Machine Learning for Precision Medicine

Martin Ester, Simon Fraser University, Burnaby, British Columbia, Canada

Abstract: The vision of precision medicine is to diagnose patients more accurately and treat them more effectively taking into account their individual genomic, life-style, and environmental factors. Machine learning is expected to play a major role in implementing this vision, using the capability of machine learning methods to learn from very complex training datasets and to produce consistent, repeatable predictions (diagnoses, prognoses, treatment recommendations) for test cases. In this talk, I will focus on three of our own works in this area. Machine learning models typically exploit strong correlations between input and output variables but scientists want to discover causal mechanisms. We have explored the task of discovering causal relationships from observational data, employing data mining methods to generate candidate causal relationships and adopting quasi-experimental design to test the significance of the candidates. Our method HUME discovers single causes in the application domain of pharmacogenomics, using network analysis for candidate generation. Biomedical datasets tend to be small and high-dimensional.
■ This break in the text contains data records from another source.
lemma min_conn_dim_krull_dim_le_conn_dim_Un:
  assumes "noetherian_space X" "closedin X A" "closedin X B"
    and "irreducible_space (subtopology X B)"
  shows "min (conn_dim (subtopology X A)) (krull_dim (subtopology X (A \<inter> B)))
    \<le> conn_dim (subtopology X (A \<union> B))"
  unfolding conn_dim_subtopology[OF closedin_Un[OF assms(2,3)]]
proof (rule INF_greatest)
  fix Z assume Z: "Z \<in> disconnecting_sets X (A \<union> B)"
  then have "closedin X Z"
    by (simp add: disconnecting_sets_def)
  show "min (conn_dim (subtopology X A)) (krull_dim (subtopology X (A \<inter> B)))
      \<le> krull_dim (subtopology X Z)"
  proof (cases "A \<inter> B \<subseteq> Z")
    case True
    then have "krull_dim (subtopology X (A \<inter> B)) \<le> krull_dim (subtopology X Z)"
      using krull_dim_subtopology_mono[OF assms(1) closedin_Int[OF assms(2,3)] \<open>closedin X Z\<close>]
      by blast
    then show ?thesis
      by (meson min.coboundedI2)
  next
    case False
    then have "Z \<inter> A \<in> disconnecting_sets X A"
      using disconnecting_sets_irreducible_Un[OF assms(2-4) Z] by blast
    then have "conn_dim (subtopology X A) \<le> krull_dim (subtopology X (Z \<inter> A))"
      unfolding conn_dim_subtopology[OF assms(2)] by (rule INF_lower)
    also have "\<dots> \<le> krull_dim (subtopology X Z)"
      using krull_dim_subtopology_mono[OF assms(1) closedin_Int[OF \<open>closedin X Z\<close> assms(2)]
          \<open>closedin X Z\<close>] by blast
    finally show ?thesis
      by (meson min.coboundedI1)
  qed
qed

theorem mainTheorem10:
  fixes X :: "'a topology" and A B :: "'a set"
  assumes "noetherian_space X"
    and "closedin X A" and "closedin X B"
    and "\<not> A \<subseteq> B" and "\<not> B \<subseteq> A"
  shows "conn_dim (subtopology X (A \<union> B)) \<le> krull_dim (subtopology X (A \<inter> B))
    \<and> (irreducible_space (subtopology X (A \<inter> B)) \<longrightarrow>
           conn_dim (subtopology X (A \<union> B)) \<le> conn_dim (subtopology X A))
    \<and> (irreducible_space (subtopology X B) \<longrightarrow>
           min (conn_dim (subtopology X A)) (krull_dim (subtopology X (A \<inter> B)))
             \<le> conn_dim (subtopology X (A \<union> B)))
    \<and> (irreducible_space (subtopology X B) \<and> irreducible_space (subtopology X (A \<inter> B)) \<longrightarrow>
           conn_dim (subtopology X (A \<union> B)) =
             min (conn_dim (subtopology X A)) (krull_dim (subtopology X (A \<inter> B))))"
  using conn_dim_Un_le_krull_dim_Int[OF assms(2-5)]
    conn_dim_Un_le_conn_dim[OF assms]
    min_conn_dim_krull_dim_le_conn_dim_Un[OF assms(1-3)]
  by (meson antisym min.boundedI)

end
lemma norm_integral_cis_le_by_parts:
  fixes \<phi> g g' :: "real \<Rightarrow> real"
  assumes "a \<le> b"
    and \<phi>: "\<And>u. u \<in> {a..b} \<Longrightarrow> (\<phi> has_real_derivative g u) (at u within {a..b})"
    and g: "\<And>u. u \<in> {a..b} \<Longrightarrow> (g has_real_derivative g' u) (at u within {a..b})"
    and nonzero: "\<And>u. u \<in> {a..b} \<Longrightarrow> g u \<noteq> 0"
    and convex: "\<And>u. u \<in> {a..b} \<Longrightarrow> 0 \<le> g' u"
  shows "cmod (integral {a..b} (\<lambda>u. cis (\<phi> u))) \<le> 1 / \<bar>g a\<bar> + 1 / \<bar>g b\<bar> + (1 / g a - 1 / g b)"
proof -
  define F where "F v = - \<i> * cis (\<phi> v) / of_real (g v)" for v
  define q where "q u = g' u / (g u)\<^sup>2" for u
  define R where "R u = \<i> * cis (\<phi> u) * of_real (q u)" for u
  have by_parts: "((\<lambda>u. cis (\<phi> u) + R u) has_integral F b - F a) {a..b}"
    unfolding F_def R_def q_def using \<open>a \<le> b\<close>
    by (intro fundamental_theorem_of_calculus has_vector_derivative_cis_div_derivative \<phi> g nonzero)
  moreover have q_int: "(q has_integral 1 / g a - 1 / g b) {a..b}"
  proof -
    have "((\<lambda>u. - inverse (g u)) has_real_derivative q u) (at u within {a..b})"
      if "u \<in> {a..b}" for u
      using g[OF that] nonzero[OF that]
      by (auto intro!: derivative_eq_intros simp: q_def field_simps power2_eq_square)
    from fundamental_theorem_of_calculus[OF \<open>a \<le> b\<close>, of "\<lambda>u. - inverse (g u)" q] this
    show ?thesis by (simp add: has_real_derivative_iff_has_vector_derivative divide_inverse)
  qed
  moreover have cis_int: "(\<lambda>u. cis (\<phi> u)) integrable_on {a..b}"
    using \<phi>[THEN DERIV_continuous]
    by (intro integrable_continuous_interval continuous_intros)
      (simp add: continuous_on_eq_continuous_within)
  ultimately have R_int: "R integrable_on {a..b}"
    using integrable_diff[of "\<lambda>u. cis (\<phi> u) + R u" _ "\<lambda>u. cis (\<phi> u)"] by auto
  have split: "integral {a..b} (\<lambda>u. cis (\<phi> u)) = F b - F a - integral {a..b} R"
    using integral_add[OF cis_int R_int] integral_unique[OF by_parts]
    by (simp add: algebra_simps)
  have "cmod (integral {a..b} R) \<le> integral {a..b} q"
    using R_int q_int convex
    by (intro integral_norm_bound_integral) (auto simp: R_def q_def norm_mult norm_divide norm_power)
  also have "\<dots> = 1 / g a - 1 / g b"
    using q_int by (rule integral_unique)
  finally have "cmod (integral {a..b} R) \<le> 1 / g a - 1 / g b" .
  moreover have "cmod (F v) = 1 / \<bar>g v\<bar>" for v
    by (simp add: F_def norm_divide norm_mult)
  ultimately show ?thesis
    unfolding split by (smt (verit) norm_triangle_ineq4)
qed

lemma van_der_Corput_Icc:
  fixes \<phi> g g' :: "real \<Rightarrow> real"
  assumes "a \<le> b" "0 < \<delta>"
    and \<phi>: "\<And>u. u \<in> {a..b} \<Longrightarrow> (\<phi> has_real_derivative g u) (at u within {a..b})"
    and g: "\<And>u. u \<in> {a..b} \<Longrightarrow> (g has_real_derivative g' u) (at u within {a..b})"
    and convex: "\<And>u. u \<in> {a..b} \<Longrightarrow> 0 \<le> g' u"
    and large: "\<And>u. u \<in> {a..b} \<Longrightarrow> \<delta> \<le> \<bar>g u\<bar>"
  shows "cmod (integral {a..b} (\<lambda>u. cis (\<phi> u))) \<le> 2 / \<delta>"
proof -
  have "(g' has_integral g b - g a) {a..b}"
    using \<open>a \<le> b\<close> g[unfolded has_real_derivative_iff_has_vector_derivative]
    by (rule fundamental_theorem_of_calculus)
  then have "0 \<le> g b - g a"
    by (rule has_integral_nonneg) (use convex in auto)
  moreover have "1 / \<bar>g a\<bar> \<le> 1 / \<delta>" "1 / \<bar>g b\<bar> \<le> 1 / \<delta>"
    using large \<open>a \<le> b\<close> \<open>0 < \<delta>\<close> by (auto intro: frac_le)
  ultimately have "1 / \<bar>g a\<bar> + 1 / \<bar>g b\<bar> + (1 / g a - 1 / g b) \<le> 2 / \<delta>"
    using \<open>0 < \<delta>\<close> by (cases "0 < g a"; cases "0 < g b") (auto simp: abs_if)
  moreover have nonzero: "g u \<noteq> 0" if "u \<in> {a..b}" for u
    using large[OF that] \<open>0 < \<delta>\<close> by auto
  ultimately show ?thesis
    using norm_integral_cis_le_by_parts[OF \<open>a \<le> b\<close> \<phi> g nonzero convex] by linarith
qed

(* Hypotheses on the open interval only, since in the application \<phi>' is unbounded at both endpoints. *)
lemma van_der_Corput:
  fixes \<phi> g g' :: "real \<Rightarrow> real"
  assumes integrable: "(\<lambda>u. cis (\<phi> u)) integrable_on {a..b}" and "0 < \<delta>"
    and \<phi>: "\<And>u. u \<in> {a<..<b} \<Longrightarrow> (\<phi> has_real_derivative g u) (at u)"
    and g: "\<And>u. u \<in> {a<..<b} \<Longrightarrow> (g has_real_derivative g' u) (at u)"
    and convex: "\<And>u. u \<in> {a<..<b} \<Longrightarrow> 0 \<le> g' u"
    and large: "\<And>u. u \<in> {a<..<b} \<Longrightarrow> \<delta> \<le> \<bar>g u\<bar>"
  shows "cmod (integral {a..b} (\<lambda>u. cis (\<phi> u))) \<le> 2 / \<delta>"
proof (rule field_le_epsilon)
  fix e :: real
  assume "0 < e"
  show "cmod (integral {a..b} (\<lambda>u. cis (\<phi> u))) \<le> 2 / \<delta> + e"
  proof (cases "a < b")
    case False
    then show ?thesis
      using \<open>0 < \<delta>\<close> \<open>0 < e\<close> by (cases "a = b") auto
  next
    case True
    define \<epsilon> where "\<epsilon> = min (e / 2) ((b - a) / 2)"
    have \<epsilon>: "0 < \<epsilon>" "2 * \<epsilon> \<le> e" "a + \<epsilon> \<le> b - \<epsilon>"
      using True \<open>0 < e\<close> by (auto simp: \<epsilon>_def min_def field_simps)
    have integrable_sub: "(\<lambda>u. cis (\<phi> u)) integrable_on {c..d}" if "a \<le> c" "d \<le> b" for c d
      using integrable_subinterval_real[OF integrable] that by simp
    have "cmod (integral {a..a + \<epsilon>} (\<lambda>u. cis (\<phi> u))) \<le> (a + \<epsilon>) - a"
      using \<epsilon> by (intro norm_integral_cis_le_length integrable_sub) auto
    moreover have "cmod (integral {b - \<epsilon>..b} (\<lambda>u. cis (\<phi> u))) \<le> b - (b - \<epsilon>)"
      using \<epsilon> by (intro norm_integral_cis_le_length integrable_sub) auto
    moreover have "cmod (integral {a + \<epsilon>..b - \<epsilon>} (\<lambda>u. cis (\<phi> u))) \<le> 2 / \<delta>"
    proof (rule van_der_Corput_Icc[OF \<open>a + \<epsilon> \<le> b - \<epsilon>\<close> \<open>0 < \<delta>\<close>])
      fix u
      assume "u \<in> {a + \<epsilon>..b - \<epsilon>}"
      then have u: "u \<in> {a<..<b}"
        using \<epsilon> by auto
      show "(\<phi> has_real_derivative g u) (at u within {a + \<epsilon>..b - \<epsilon>})"
        using \<phi>[OF u] by (rule has_field_derivative_at_within)
      show "(g has_real_derivative g' u) (at u within {a + \<epsilon>..b - \<epsilon>})"
        using g[OF u] by (rule has_field_derivative_at_within)
      show "0 \<le> g' u" "\<delta> \<le> \<bar>g u\<bar>"
        using convex[OF u] large[OF u] by auto
    qed
    moreover have "integral {a..b} (\<lambda>u. cis (\<phi> u)) = integral {a..a + \<epsilon>} (\<lambda>u. cis (\<phi> u))
        + integral {a + \<epsilon>..b - \<epsilon>} (\<lambda>u. cis (\<phi> u)) + integral {b - \<epsilon>..b} (\<lambda>u. cis (\<phi> u))"
      using \<epsilon> by (intro integral_split_three integrable) auto
    ultimately show ?thesis
      using \<epsilon> norm_triangle_ineq by (smt (verit))
  qed
qed

definition h_deriv :: "real \<Rightarrow> real \<Rightarrow> real \<Rightarrow> real" where
  "h_deriv y z u = y - z + 2 * ln u - 2 * ln (1 - u)"

lemma h_fun_has_real_derivative:
  assumes "0 < u" "u < 1"
  shows "(h_fun y z has_real_derivative h_deriv y z u) (at u)"
proof -
  have "2 + 2 * u / (1 - u) = 2 / (1 - u)"
    using assms by (simp add: field_simps)
  with assms show ?thesis
    unfolding h_fun_def h_deriv_def by (auto intro!: derivative_eq_intros simp: algebra_simps)
qed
Fortunately, related public datasets are available, and transfer learning is a promising approach to increase the effective dataset size. We have used drug response prediction as our driving application, where we want to transfer from large pre-clinical datasets to small clinical datasets. We have proposed AITL, which adjusts for the discrepancies in both the input and the output space, employing adversarial domain adaptation and multi-task learning. Machine learning models for precision medicine need to be explainable. Our method DBKANN adopts a knowledge-based approach that employs the available biological knowledge on how proteins form complexes and act together in pathways to form the architecture of a deep neural network. BDKANN does not only achieve high accuracy but also enables meaningful explanations of individual predictions and the discovery of novel connections in the biological network. In the last part of the talk, I will introduce single-cell RNA sequencing, a new technology which creates gene expression profiles at single-cell resolution, and enables new types of deeper biomedical analyses such as the discovery of cell-types and their relevance for phenotype prediction. I will sketch some of our ongoing work in the area of single cell data science.

Biography: Martin Ester received a PhD in Computer Science from ETH Zurich, Switzerland, in 1989. He has been working for Swissair developing expert systems before he joined University of Munich as an Assistant Professor in 1993. Since November 2001, he has first been an Associate Professor and now a Full Professor at the School of Computing Science of Simon Fraser University. From May 2010 to April 2015, he has served as the School Director. Dr. Ester has published extensively in the top conferences and journals of his field such as ACM SIGKDD, WWW, ACM RecSys, ISMB, and PSB. According to Google Scholar, his publications have received more than 51’000 citations, and his h-index is 69. He received the KDD 2014 Test of Time Award for his paper on DBSCAN, was elected as a Fellow of the Royal Society of Canada in 2019, and was appointed Distinguished Professor at Simon Fraser University in 2021. Martin Ester’s research interests are in the area of data mining and machine learning, with a current focus on transfer learning, causal discovery and inference, explainable machine learning, and clustering. Many of the driving applications of his research are in the biomedical field, and he has an honorary appointment as Senior Research Scientist at the Vancouver Prostate Center.